lemma direct_Int_zero:
  assumes "i \<in> I" "j \<in> I" "i \<noteq> j" "v \<in> S i" "v \<in> S j"
  shows "v = 0"
proof -
  define x where "x k = (if k = i then v else 0) - (if k = j then v else 0)" for k
  have "x k \<in> S k" if "k \<in> I" for k
    using assms(3-5) subspace_0[OF subspace_S[OF that]] subspace_neg[OF subspace_S[OF that]]
    by (auto simp: x_def)
  moreover have "(\<Sum>k\<in>I. x k) = 0"
    using assms(1,2) by (simp add: x_def sum_subtractf finite_I)
  ultimately have "x i = 0"
    using direct assms(1) by blast
  then show "v = 0"
    using assms(3) by (simp add: x_def)
qed

lemma direct_independent_disjoint:
  assumes "i \<in> I" "j \<in> I" "i \<noteq> j" "C \<subseteq> S i" "D \<subseteq> S j" "independent C"
  shows "C \<inter> D = {}"
  using direct_Int_zero[OF assms(1-3)] assms(4-6) dependent_zero by blast

lemma independent_UN_direct:
  assumes C: "\<And>i. i \<in> I \<Longrightarrow> C i \<subseteq> S i" "\<And>i. i \<in> I \<Longrightarrow> independent (C i)"
    "\<And>i. i \<in> I \<Longrightarrow> finite (C i)"
  shows "independent (\<Union>i\<in>I. C i)"
proof -
  have "u v = 0" if u: "(\<Sum>v\<in>(\<Union>i\<in>I. C i). scale (u v) v) = 0" and v: "v \<in> (\<Union>i\<in>I. C i)" for u v
  proof -
    have in_S: "(\<Sum>w\<in>C i. scale (u w) w) \<in> S i" if "i \<in> I" for i
      using C(1)[OF that] subspace_scale[OF subspace_S[OF that]]
      by (intro subspace_sum[OF subspace_S[OF that]]) blast
    have "(\<Sum>v\<in>(\<Union>i\<in>I. C i). scale (u v) v) = (\<Sum>i\<in>I. \<Sum>w\<in>C i. scale (u w) w)"
      using C direct_independent_disjoint by (intro sum.UNION_disjoint finite_I) blast+
    with u have sum_zero: "(\<Sum>i\<in>I. \<Sum>w\<in>C i. scale (u w) w) = 0"
      by simp
    have sum_C_zero: "(\<Sum>w\<in>C i. scale (u w) w) = 0" if "i \<in> I" for i
      using direct[where x="\<lambda>i. \<Sum>w\<in>C i. scale (u w) w", OF in_S sum_zero that] by simp
    obtain i where i: "i \<in> I" "v \<in> C i"
      using v by (rule UN_E)
    then show ?thesis
      using sum_C_zero[OF i(1)] C(2)[OF i(1)] dependent_finite[OF C(3)[OF i(1)]] by blast
  qed
  moreover have "finite (\<Union>i\<in>I. C i)"
    using C(3) finite_I by blast
  ultimately show ?thesis
    using dependent_finite[of "\<Union>i\<in>I. C i"] by blast
qed

lemma dim_span_UN_direct:
  assumes finite_dim: "\<And>i. i \<in> I \<Longrightarrow> \<exists>F. finite F \<and> S i \<subseteq> span F"
  shows "dim (span (\<Union>i\<in>I. S i)) = (\<Sum>i\<in>I. dim (S i))"
proof -
  have "\<forall>i. \<exists>C. C \<subseteq> S i \<and> independent C \<and> S i \<subseteq> span C \<and> card C = dim (S i)"
    by (meson basis_exists)
  then obtain C where "\<forall>i. C i \<subseteq> S i \<and> independent (C i) \<and> S i \<subseteq> span (C i) \<and> card (C i) = dim (S i)"
    by (rule choice[THEN exE])
  then have C: "\<And>i. C i \<subseteq> S i" "\<And>i. independent (C i)"
      "\<And>i. S i \<subseteq> span (C i)" "\<And>i. card (C i) = dim (S i)"
    by blast+
  have finite_C: "finite (C i)" if "i \<in> I" for i
    using finite_dim[OF that] C(1,2)[of i] independent_span_bound by blast
  have "span (\<Union>i\<in>I. C i) = span (\<Union>i\<in>I. S i)"
    unfolding span_eq using C(1,3) span_superset span_mono[of "C _" "\<Union>i\<in>I. C i"] by blast
  then have "dim (span (\<Union>i\<in>I. S i)) = card (\<Union>i\<in>I. C i)"
    using independent_UN_direct[of C] C(1,2) finite_C by (metis dim_span_eq_card_independent)
  also have "\<dots> = (\<Sum>i\<in>I. dim (S i))"
    using finite_I finite_C C direct_independent_disjoint by (simp add: card_UN_disjoint)
  finally show ?thesis .
qed

end

end

definition direction :: "('i \<Rightarrow> 'a::real_inner) \<Rightarrow> 'i set \<Rightarrow> 'a set" where
  "direction a A = {x. \<forall>i\<in>A. a i \<bullet> x = 0}"

lemma Q_subspace_direction: "Q.subspace (direction a A)"
  unfolding Q.subspace_def direction_def scaleQ_def by (auto simp: inner_add_right)

locale coordinate_lattice =
  fixes \<Gamma> :: "'a::real_inner set" and B :: "'a set" and I :: "'i set" and a e :: "'i \<Rightarrow> 'a"
  assumes finite_B: "finite B" and lattice_eq: "\<Gamma> = int_span B" and finite_I: "finite I"
    and dual: "\<And>i j. i \<in> I \<Longrightarrow> j \<in> I \<Longrightarrow> a j \<bullet> e i = (if j = i then 1 else 0)"
    and separating: "\<And>v. \<forall>i\<in>I. a i \<bullet> v = 0 \<Longrightarrow> v = 0"
    and axis_projection_in_Q_span: "\<And>g i. g \<in> \<Gamma> \<Longrightarrow> i \<in> I \<Longrightarrow> (a i \<bullet> g) *\<^sub>R e i \<in> Q.span \<Gamma>"
begin

text \<open>By duality, \<^term>\<open>direction a (I - {i})\<close> is the real line through \<^term>\<open>e i\<close>.\<close>

definition axis :: "'i \<Rightarrow> 'a set" where
  "axis i = Q.span \<Gamma> \<inter> direction a (I - {i})"
lemma hit_sq_offset_closed:
  "j \<le> n \<Longrightarrow> (real m - 1)\<^sup>2 * hit_sq_offset m n j
    = (real m ^ Suc j - real m) * (real m - 1 - 2 * real m ^ Suc n) + 2 * real j * real m ^ Suc j * (real m - 1)"
proof (induction j)
  case (Suc j)
  let ?A = "real m ^ Suc n" and ?B = "real m ^ Suc j"
  have mean: "(real m - 1) * hit_mean m n j = ?A - ?B"
    using Suc.prems by (intro hit_mean_closed) simp
  have "(real m - 1)\<^sup>2 * hit_sq_offset m n (Suc j)
      = real m * ((real m - 1)\<^sup>2 * hit_sq_offset m n j) + real m * (real m - 1)\<^sup>2
        - 2 * real m * (real m - 1) * ((real m - 1) * hit_mean m n j)"
    by (simp add: algebra_simps power2_eq_square)
  also have "\<dots> = real m * ((?B - real m) * (real m - 1 - 2 * ?A) + 2 * real j * ?B * (real m - 1))
      + real m * (real m - 1)\<^sup>2 - 2 * real m * (real m - 1) * (?A - ?B)"
    using Suc by (simp only: mean)
  also have "\<dots> = (real m ^ Suc (Suc j) - real m) * (real m - 1 - 2 * ?A)
      + 2 * real (Suc j) * real m ^ Suc (Suc j) * (real m - 1)"
    by (simp add: algebra_simps power2_eq_square)
  finally show ?case .
qed simp

lemma hit_sq_mean_minus_square:
  assumes "1 \<le> m"
  shows "hit_sq_mean m n 0 - (hit_mean m n 0)\<^sup>2 = real (m - 1) * real (S m n)"
proof (cases "m = 1")
  case True
  have mean: "j \<le> n \<Longrightarrow> hit_mean (Suc 0) n j = real n - real j" for j
    by (simp add: hit_mean_def)
  have "j \<le> n \<Longrightarrow> hit_sq_offset (Suc 0) n j = (real j)\<^sup>2 - 2 * real n * real j" for j
    by (induction j) (simp_all add: mean power2_eq_square algebra_simps)
  with True show ?thesis
    by (simp add: hit_sq_mean_def mean power2_eq_square)
next
  case False
  let ?A = "real m ^ Suc n"
  have "(real m - 1)\<^sup>2 * (hit_sq_mean m n 0 - (hit_mean m n 0)\<^sup>2)
      = - ((real m - 1)\<^sup>2 * hit_sq_offset m n n) - ((real m - 1) * hit_mean m n 0)\<^sup>2"
    by (simp add: hit_sq_mean_def algebra_simps power2_eq_square)
  also have "\<dots> = - ((?A - real m) * (real m - 1 - 2 * ?A) + 2 * real n * ?A * (real m - 1)) - (?A - real m)\<^sup>2"
    by (simp add: hit_sq_offset_closed hit_mean_closed)
  also have "\<dots> = (real m - 1)\<^sup>2 * ((real m - 1) * real (S m n))"
    using S_closed[of m n] by (simp add: algebra_simps power2_eq_square power3_eq_cube)
  finally show ?thesis
    using False assms by (simp add: of_nat_diff)
qed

▬▬▬▬▬▬

Which lines above hold the string "dots"? Please copy all of them.

  also have "\<dots> = (\<Sum>i\<in>I. dim (S i))"
  also have "\<dots> = real m * ((?B - real m) * (real m - 1 - 2 * ?A) + 2 * real j * ?B * (real m - 1))
  also have "\<dots> = (real m ^ Suc (Suc j) - real m) * (real m - 1 - 2 * ?A)
  also have "\<dots> = - ((?A - real m) * (real m - 1 - 2 * ?A) + 2 * real n * ?A * (real m - 1)) - (?A - real m)\<^sup>2"
  also have "\<dots> = (real m - 1)\<^sup>2 * ((real m - 1) * real (S m n))"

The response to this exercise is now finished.